[[ DATA PROVIDED, beginning ]]

(* Let $Q$, $V$, $W$ be independent exponential random variables with rate parameters $\lambda_q,\lambda_v,\lambda_w>0$. Let $\beta_b>0$, $\mathcal{J}_b\ge 0$, $\mathcal{G}_b\ge 0$, $\mathcal{D}_b>0$, $\tilde P_T>0$, $d_{Rb}>0$, $d_{RD}>0$, $\tau>0$, $\sigma_b^2>0$, $\bar P_R>0$, $I_{\text{ITC}}>0$, and let $\psi_j>0$ satisfy $\psi_j<\beta_b/\mathcal{J}_b$ (i.e. $\beta_b-\mathcal{J}_b\psi_j>0$). For $l\in\{\bar P_R,\ I_{\text{ITC}}d_{RD}^{\tau}\}$ define $$\mathcal{S}(l)=\frac{\mathcal{D}_b\tilde P_T\psi_j}{l(\beta_b-\mathcal{J}_b\psi_j)},\qquad \mathcal{O}(l)=\frac{d_{Rb}^{\tau}\sigma_b^2\psi_j}{l(\beta_b-\mathcal{J}_b\psi_j)},$$ and set $\mathcal{S}_\Theta=\mathcal{S}(\bar P_R)$, $\mathcal{O}_\Theta=\mathcal{O}(\bar P_R)$, $\mathcal{S}_\Phi=\mathcal{S}(I_{\text{ITC}}d_{RD}^{\tau})$, $\mathcal{O}_\Phi=\mathcal{O}(I_{\text{ITC}}d_{RD}^{\tau})$, $\mathcal{T}=\frac{\mathcal{G}_b\psi_j}{\beta_b-\mathcal{J}_b\psi_j}$, $\Lambda_R=\frac{I_{\text{ITC}}d_{RD}^{\tau}}{\bar P_R}$, $\mu_R=\lambda_w+\lambda_q\Lambda_R\mathcal{S}_\Phi$ and $\xi_R=\frac{\mathcal{O}_\Phi}{\mathcal{S}_\Phi}+\frac{\lambda_v}{\lambda_q\mathcal{S}_\Phi}$. Define $$F_{\gamma_{b,j}}(\psi_j)=\Pr\big[Q<W\mathcal{S}_\Theta+\mathcal{O}_\Theta+\mathcal{T},\ V<\Lambda_R\big]+\Pr\big[Q<WV\mathcal{S}_\Phi+V\mathcal{O}_\Phi+\mathcal{T},\ V>\Lambda_R\big].$$ Then $$F_{\gamma_{b,j}}(\psi_j)=1-\frac{\lambda_w e^{-\lambda_q(\mathcal{O}_\Theta+\mathcal{T})}}{\lambda_w+\lambda_q\mathcal{S}_\Theta}\left(1-e^{-\lambda_v\Lambda_R}\right)+\frac{\lambda_v\lambda_w\,\mathrm{Ei}[-\mu_R\xi_R]}{\lambda_q\mathcal{S}_\Phi}\,e^{-\Lambda_R(\lambda_v+\lambda_q\mathcal{O}_\Phi)-\lambda_q\mathcal{T}+\mu_R\xi_R},$$ where $\mathrm{Ei}$ is the exponential integral function.
   Context: Interpretation: in an underlay cognitive-radio NOMA relay network, $Q=|h_{Rb}|^2$ (estimated relay–user-$b$ channel gain), $V=|\bar h_{RD}|^2$ (relay–primary-destination channel gain), $W=|\bar h_{Tb}|^2$ (primary-transmitter–user-$b$ channel gain); the relay transmit power is $P_R=\min(\bar P_R, I_{\text{ITC}}d_{RD}^{\tau}/V)$, and $F_{\gamma_{b,j}}(\psi_j)$ is the CDF at threshold $\psi_j$ of the signal-to-interference-distortion-noise ratio with which user $b$ decodes message $x_j$. Here $\beta_b$ is a power-allocation factor, $\mathcal{J}_b$ aggregates residual NOMA/SIC-error interference and hardware distortion, $\mathcal{G}_b$ accounts for channel estimation error, $\mathcal{D}_b\tilde P_T$ scales the primary interference, $I_{\text{ITC}}$ is the interference temperature constraint, $d_{(\cdot)}$ are distances and $\tau$ the path-loss exponent. $\mathrm{Ei}(x)=-\int_{-x}^{\infty}e^{-t}t^{-1}\,dt$. *)

theory Defs
  imports "HOL-Probability.Probability"
begin

text \<open>Exponential integral for negative arguments:
  Ei x = - integral over (-x, infinity) of exp(-t)/t  (x < 0; Lebesgue integral).\<close>
definition Ei :: "real \<Rightarrow> real" where
  "Ei x = - (LBINT t:{-x<..}. exp (- t) / t)"

end

theory Submission
  imports Defs
begin

text \<open>Given \<open>V = v\<close>, both events have the form \<open>Q < a W + b\<close> with \<open>a, b \<ge> 0\<close> depending on \<open>v\<close>.
  Integrating the CDF \<open>1 - exp (- lq q)\<close> of \<open>Q\<close> against the density of \<open>W\<close> is a Laplace
  transform of the exponential law, so \<open>P[Q < a W + b] = 1 - lw exp (- lq b) / (lw + lq a)\<close>.
  On \<open>V < \<Lambda>\<close> the coefficients are constant and the remaining integral over \<open>v\<close> is elementary.
  On \<open>V > \<Lambda>\<close> they are linear in \<open>v\<close>, and the integral over \<open>v\<close> becomes the exponential
  integral after the affine substitution \<open>t = (lv + lq O\<^sub>\<Phi>) (v + lw / (lq S\<^sub>\<Phi>))\<close>.\<close>

lemma nn_integral_eq_has_bochner_integral:
  assumes "has_bochner_integral M f x" and "AE y in M. 0 \<le> f y"
  shows "(\<integral>\<^sup>+y. ennreal (f y) \<partial>M) = ennreal x"
  using assms by (metis has_bochner_integral_iff nn_integral_eq_integral)

lemma has_bochner_integral_exponential_density:
  assumes "0 < l"
  shows "has_bochner_integral lborel (exponential_density l) 1"
  using nn_integral_erlang_ith_moment[OF assms, of 0 0] assms
  by (intro has_bochner_integral_nn_integral) (auto simp: exponential_density_nonneg)

lemma has_bochner_integral_exponential_density_atMost:
  assumes "0 < l" and "0 \<le> h"
  shows "has_bochner_integral lborel (\<lambda>x. indicator {..h} x * exponential_density l x) (1 - exp (- l * h))"
proof (rule has_bochner_integral_nn_integral)
  show "(\<integral>\<^sup>+x. ennreal (indicator {..h} x * exponential_density l x) \<partial>lborel) = ennreal (1 - exp (- l * h))"
    using nn_integral_erlang_density[OF assms(1), of 0 h] assms(2)
    by (simp add: erlang_CDF_0 indicator_mult_ennreal mult.commute)
qed (use assms in \<open>auto simp: exponential_density_nonneg\<close>)

lemma has_bochner_integral_exponential_density_lessThan:
  assumes "0 < l" and "0 \<le> h"
  shows "has_bochner_integral lborel (\<lambda>x. indicator {..<h} x * exponential_density l x) (1 - exp (- l * h))"
proof -
  have "AE x in lborel. indicator {..h} x * exponential_density l x = indicator {..<h} x * exponential_density l x"
    using AE_lborel_singleton[of h] by eventually_elim (auto simp: indicator_def)
  then show ?thesis
    using has_bochner_integral_exponential_density_atMost[OF assms]
    by (subst (asm) has_bochner_integral_cong_AE) auto
qed

lemma has_bochner_integral_exponential_density_greaterThan:
  assumes "0 < l" and "0 \<le> h"
  shows "has_bochner_integral lborel (\<lambda>x. indicator {h<..} x * exponential_density l x) (exp (- l * h))"
proof -
  have "indicator {h<..} x * exponential_density l x
      = exponential_density l x - indicator {..h} x * exponential_density l x" for x
    by (simp add: indicator_def)
  then show ?thesis
    using has_bochner_integral_diff[OF has_bochner_integral_exponential_density[OF assms(1)]
        has_bochner_integral_exponential_density_atMost[OF assms]] by simp
qed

[[ DATA PROVIDED, end ]]

» WORK INSTRUCTIONS: Copy every entry exactly, leaving nothing out.

» PROBLEM SOLUTION:
(* Let $Q$, $V$, $W$ be independent exponential random variables with rate parameters $\lambda_q,\lambda_v,\lambda_w>0$. Let $\beta_b>0$, $\mathcal{J}_b\ge 0$, $\mathcal{G}_b\ge 0$, $\mathcal{D}_b>0$, $\tilde P_T>0$, $d_{Rb}>0$, $d_{RD}>0$, $\tau>0$, $\sigma_b^2>0$, $\bar P_R>0$, $I_{\text{ITC}}>0$, and let $\psi_j>0$ satisfy $\psi_j<\beta_b/\mathcal{J}_b$ (i.e. $\beta_b-\mathcal{J}_b\psi_j>0$). For $l\in\{\bar P_R,\ I_{\text{ITC}}d_{RD}^{\tau}\}$ define $$\mathcal{S}(l)=\frac{\mathcal{D}_b\tilde P_T\psi_j}{l(\beta_b-\mathcal{J}_b\psi_j)},\qquad \mathcal{O}(l)=\frac{d_{Rb}^{\tau}\sigma_b^2\psi_j}{l(\beta_b-\mathcal{J}_b\psi_j)},$$ and set $\mathcal{S}_\Theta=\mathcal{S}(\bar P_R)$, $\mathcal{O}_\Theta=\mathcal{O}(\bar P_R)$, $\mathcal{S}_\Phi=\mathcal{S}(I_{\text{ITC}}d_{RD}^{\tau})$, $\mathcal{O}_\Phi=\mathcal{O}(I_{\text{ITC}}d_{RD}^{\tau})$, $\mathcal{T}=\frac{\mathcal{G}_b\psi_j}{\beta_b-\mathcal{J}_b\psi_j}$, $\Lambda_R=\frac{I_{\text{ITC}}d_{RD}^{\tau}}{\bar P_R}$, $\mu_R=\lambda_w+\lambda_q\Lambda_R\mathcal{S}_\Phi$ and $\xi_R=\frac{\mathcal{O}_\Phi}{\mathcal{S}_\Phi}+\frac{\lambda_v}{\lambda_q\mathcal{S}_\Phi}$. Define $$F_{\gamma_{b,j}}(\psi_j)=\Pr\big[Q<W\mathcal{S}_\Theta+\mathcal{O}_\Theta+\mathcal{T},\ V<\Lambda_R\big]+\Pr\big[Q<WV\mathcal{S}_\Phi+V\mathcal{O}_\Phi+\mathcal{T},\ V>\Lambda_R\big].$$ Then $$F_{\gamma_{b,j}}(\psi_j)=1-\frac{\lambda_w e^{-\lambda_q(\mathcal{O}_\Theta+\mathcal{T})}}{\lambda_w+\lambda_q\mathcal{S}_\Theta}\left(1-e^{-\lambda_v\Lambda_R}\right)+\frac{\lambda_v\lambda_w\,\mathrm{Ei}[-\mu_R\xi_R]}{\lambda_q\mathcal{S}_\Phi}\,e^{-\Lambda_R(\lambda_v+\lambda_q\mathcal{O}_\Phi)-\lambda_q\mathcal{T}+\mu_R\xi_R},$$ where $\mathrm{Ei}$ is the exponential integral function.
   Context: Interpretation: in an underlay cognitive-radio NOMA relay network, $Q=|h_{Rb}|^2$ (estimated relay–user-$b$ channel gain), $V=|\bar h_{RD}|^2$ (relay–primary-destination channel gain), $W=|\bar h_{Tb}|^2$ (primary-transmitter–user-$b$ channel gain); the relay transmit power is $P_R=\min(\bar P_R, I_{\text{ITC}}d_{RD}^{\tau}/V)$, and $F_{\gamma_{b,j}}(\psi_j)$ is the CDF at threshold $\psi_j$ of the signal-to-interference-distortion-noise ratio with which user $b$ decodes message $x_j$. Here $\beta_b$ is a power-allocation factor, $\mathcal{J}_b$ aggregates residual NOMA/SIC-error interference and hardware distortion, $\mathcal{G}_b$ accounts for channel estimation error, $\mathcal{D}_b\tilde P_T$ scales the primary interference, $I_{\text{ITC}}$ is the interference temperature constraint, $d_{(\cdot)}$ are distances and $\tau$ the path-loss exponent. $\mathrm{Ei}(x)=-\int_{-x}^{\infty}e^{-t}t^{-1}\,dt$. *)

theory Defs
  imports "HOL-Probability.Probability"
begin

text \<open>Exponential integral for negative arguments:
  Ei x = - integral over (-x, infinity) of exp(-t)/t  (x < 0; Lebesgue integral).\<close>
definition Ei :: "real \<Rightarrow> real" where
  "Ei x = - (LBINT t:{-x<..}. exp (- t) / t)"

end

theory Submission
  imports Defs
begin

text \<open>Given \<open>V = v\<close>, both events have the form \<open>Q < a W + b\<close> with \<open>a, b \<ge> 0\<close> depending on \<open>v\<close>.
  Integrating the CDF \<open>1 - exp (- lq q)\<close> of \<open>Q\<close> against the density of \<open>W\<close> is a Laplace
  transform of the exponential law, so \<open>P[Q < a W + b] = 1 - lw exp (- lq b) / (lw + lq a)\<close>.
  On \<open>V < \<Lambda>\<close> the coefficients are constant and the remaining integral over \<open>v\<close> is elementary.
  On \<open>V > \<Lambda>\<close> they are linear in \<open>v\<close>, and the integral over \<open>v\<close> becomes the exponential
  integral after the affine substitution \<open>t = (lv + lq O\<^sub>\<Phi>) (v + lw / (lq S\<^sub>\<Phi>))\<close>.\<close>

lemma nn_integral_eq_has_bochner_integral:
  assumes "has_bochner_integral M f x" and "AE y in M. 0 \<le> f y"
  shows "(\<integral>\<^sup>+y. ennreal (f y) \<partial>M) = ennreal x"
  using assms by (metis has_bochner_integral_iff nn_integral_eq_integral)

lemma has_bochner_integral_exponential_density:
  assumes "0 < l"
  shows "has_bochner_integral lborel (exponential_density l) 1"
  using nn_integral_erlang_ith_moment[OF assms, of 0 0] assms
  by (intro has_bochner_integral_nn_integral) (auto simp: exponential_density_nonneg)

lemma has_bochner_integral_exponential_density_atMost:
  assumes "0 < l" and "0 \<le> h"
  shows "has_bochner_integral lborel (\<lambda>x. indicator {..h} x * exponential_density l x) (1 - exp (- l * h))"
proof (rule has_bochner_integral_nn_integral)
  show "(\<integral>\<^sup>+x. ennreal (indicator {..h} x * exponential_density l x) \<partial>lborel) = ennreal (1 - exp (- l * h))"
    using nn_integral_erlang_density[OF assms(1), of 0 h] assms(2)
    by (simp add: erlang_CDF_0 indicator_mult_ennreal mult.commute)
qed (use assms in \<open>auto simp: exponential_density_nonneg\<close>)

lemma has_bochner_integral_exponential_density_lessThan:
  assumes "0 < l" and "0 \<le> h"
  shows "has_bochner_integral lborel (\<lambda>x. indicator {..<h} x * exponential_density l x) (1 - exp (- l * h))"
proof -
  have "AE x in lborel. indicator {..h} x * exponential_density l x = indicator {..<h} x * exponential_density l x"
    using AE_lborel_singleton[of h] by eventually_elim (auto simp: indicator_def)
  then show ?thesis
    using has_bochner_integral_exponential_density_atMost[OF assms]
    by (subst (asm) has_bochner_integral_cong_AE) auto
qed

lemma has_bochner_integral_exponential_density_greaterThan:
  assumes "0 < l" and "0 \<le> h"
  shows "has_bochner_integral lborel (\<lambda>x. indicator {h<..} x * exponential_density l x) (exp (- l * h))"
proof -
  have "indicator {h<..} x * exponential_density l x
      = exponential_density l x - indicator {..h} x * exponential_density l x" for x
    by (simp add: indicator_def)
  then show ?thesis
    using has_bochner_integral_diff[OF has_bochner_integral_exponential_density[OF assms(1)]
        has_bochner_integral_exponential_density_atMost[OF assms]] by simp
qed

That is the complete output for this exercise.